Your task - Once you find the line with "most \<open>(1 - p" in the data that follows, repeat it and every line after it exactly, through the line with "c \<partial>measure_pmf M)".

*** Record extracts Section Begins ***

(* For each $n$ let $0<p_n,q_n\le 1$ with $\frac{p_nq_n^2n}{\log n}\to\infty$ as $n\to\infty$, and let $\alpha^{(0)}$ be an initial configuration of $n$ cards. For $k\ge 1$ let $\alpha^{(k)}_1$ denote the size of the pile newly formed in the $k$-th move of $\mathscr{B}(n,p_n,q_n)$ (possibly $0$). Put $D=\lceil 14\log n/(p_nq_n)\rceil$ and $M=\lceil n^2/p_n\rceil$. Then \[ \max_{k\in[D+1,D+M]}\frac{|\alpha^{(k)}_1-p_nq_nn|}{p_nq_nn}\to 0\quad\text{in probability as } n\to\infty. \]
   Context: $\mathscr{B}(n,p,q)$ ($0<p,q\le 1$) is $p$-random $q$-proportion Bulgarian solitaire on $n$ identical cards distributed in piles. In one move, from each pile of size $h$ the top $\lceil qh\rceil$ cards are candidates; each candidate card is picked with probability $p$, independently of all other candidates; the picked cards are removed and together form one new pile. *)

theory Defs
  imports "HOL-Probability.Probability_Mass_Function"
begin

text \<open>A configuration of cards is a list of pile sizes (all positive); the order of
the piles is irrelevant.\<close>

fun bs_draws :: "real \<Rightarrow> real \<Rightarrow> nat list \<Rightarrow> nat list pmf" where
  "bs_draws p q [] = return_pmf []"
| "bs_draws p q (h # hs) =
     bind_pmf (binomial_pmf (nat \<lceil>q * real h\<rceil>) p) (\<lambda>x.
     bind_pmf (bs_draws p q hs) (\<lambda>xs. return_pmf (x # xs)))"

definition bs_step :: "real \<Rightarrow> real \<Rightarrow> nat list \<Rightarrow> (nat list \<times> nat) pmf" where
  "bs_step p q \<alpha> = map_pmf (\<lambda>xs.
      let new = sum_list xs;
          rest = filter (\<lambda>h. 0 < h) (map2 (-) \<alpha> xs)
      in ((if 0 < new then new # rest else rest), new)) (bs_draws p q \<alpha>)"

fun bs_newpiles :: "real \<Rightarrow> real \<Rightarrow> nat list \<Rightarrow> nat \<Rightarrow> nat list pmf" where
  "bs_newpiles p q \<alpha> 0 = return_pmf []"
| "bs_newpiles p q \<alpha> (Suc m) =
     bind_pmf (bs_step p q \<alpha>) (\<lambda>(\<alpha>', s).
     bind_pmf (bs_newpiles p q \<alpha>' m) (\<lambda>ss. return_pmf (s # ss)))"

end

theory Submission
  imports Defs
begin

text \<open>Keep empty piles and put every new pile in front, so that position \<open>i\<close> holds the pile formed
  \<open>i\<close> moves ago.  In one move every pile loses in expectation at least a fraction \<open>p q\<close> of its
  cards, so after \<open>D\<close> moves the expected number of cards outside the \<open>D\<close> youngest piles is at
  most \<open>(1 - p q)\<^sup>D n \<le> 1 / n\<^sup>1\<^sup>3\<close>.  If all cards lie in the \<open>D\<close> youngest piles, the next new pile
  is \<open>Binomial(C, p)\<close> with \<open>q n \<le> C \<le> q n + D\<close>; as \<open>p D\<close> is small compared with \<open>p q n\<close>, a
  multiplicative Chernoff bound makes a relative deviation above \<open>\<epsilon>\<close> have probability at most
  \<open>2 / n\<^sup>4\<close>.  A union bound over the \<open>M \<le> 2 n\<^sup>3\<close> moves gives a failure probability \<open>O(1/n)\<close>.\<close>

section \<open>General facts on probability mass functions and the binomial distribution\<close>

lemma nn_integral_pmf_const: "(\<integral>\<^sup>+x. c \<partial>measure_pmf M) = c"
  by (simp add: measure_pmf.emeasure_space_1)
(* Let $R$ be a commutative Noetherian ring of prime characteristic $p$, and let $G$ be an $x$-torsion-free left $R[x,f]$-module such that the set $\mathcal{I}(G)$ of $G$-special $R$-ideals is finite. Then there exists a uniquely determined ideal $\mathfrak{b}\in\mathcal{I}(G)$ with $\operatorname{height}\mathfrak{b}\ge1$ and $\mathfrak{b}\subset\mathfrak{c}$ for every other $\mathfrak{c}\in\mathcal{I}(G)$ with $\operatorname{height}\mathfrak{c}\ge1$. Moreover, for $g\in G$ the following are equivalent: (i) $g$ is annihilated by $\mathfrak{b}R[x,f]=\bigoplus_{n\ge0}\mathfrak{b}x^n$; (ii) there exists $c\in R^\circ\cap\mathfrak{b}$ with $cx^ng=0$ for all $n\gg0$; (iii) there exists $c\in R^\circ$ with $cx^ng=0$ for all $n\gg0$.
   Context: $R[x,f]$ is the Frobenius skew polynomial ring: free left $R$-module on $(x^i)_{i\ge0}$, with $xr=r^px$. $G$ is $x$-torsion-free if $xg=0$ implies $g=0$. The graded annihilator $\operatorname{grann}N$ of an $R[x,f]$-submodule $N$ is the set of $\sum r_ix^i$ with each $r_ix^i$ annihilating $N$. An ideal $\mathfrak{b}$ of $R$ is $G$-special if $\operatorname{grann}N=\bigoplus_{n\ge0}\mathfrak{b}x^n$ for some $R[x,f]$-submodule $N$ of $G$; $\mathcal{I}(G)$ is the set of these. The improper ideal $R$ has infinite height. $R^\circ$ is the complement of the union of the minimal primes of $R$. *)

theory Defs
  imports Main "HOL-Library.Extended_Nat" "HOL-Computational_Algebra.Primes"
begin

definition is_ideal :: "'a::comm_ring_1 set \<Rightarrow> bool" where
  "is_ideal I \<longleftrightarrow> 0 \<in> I \<and> (\<forall>a\<in>I. \<forall>b\<in>I. a + b \<in> I) \<and> (\<forall>r. \<forall>a\<in>I. r * a \<in> I)"

definition noetherian_ring :: "'a::comm_ring_1 itself \<Rightarrow> bool" where
  "noetherian_ring _ \<longleftrightarrow>
     (\<forall>f :: nat \<Rightarrow> 'a set. (\<forall>n. is_ideal (f n) \<and> f n \<subseteq> f (Suc n)) \<longrightarrow>
        (\<exists>N. \<forall>n\<ge>N. f n = f N))"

*** Record extracts Section Ends ***

Response for this exercise -
  most \<open>(1 - p q)\<^sup>D n \<le> 1 / n\<^sup>1\<^sup>3\<close>.  If all cards lie in the \<open>D\<close> youngest piles, the next new pile
  is \<open>Binomial(C, p)\<close> with \<open>q n \<le> C \<le> q n + D\<close>; as \<open>p D\<close> is small compared with \<open>p q n\<close>, a
  multiplicative Chernoff bound makes a relative deviation above \<open>\<epsilon>\<close> have probability at most
  \<open>2 / n\<^sup>4\<close>.  A union bound over the \<open>M \<le> 2 n\<^sup>3\<close> moves gives a failure probability \<open>O(1/n)\<close>.\<close>

section \<open>General facts on probability mass functions and the binomial distribution\<close>

lemma nn_integral_pmf_const: "(\<integral>\<^sup>+x. c \<partial>measure_pmf M) = c"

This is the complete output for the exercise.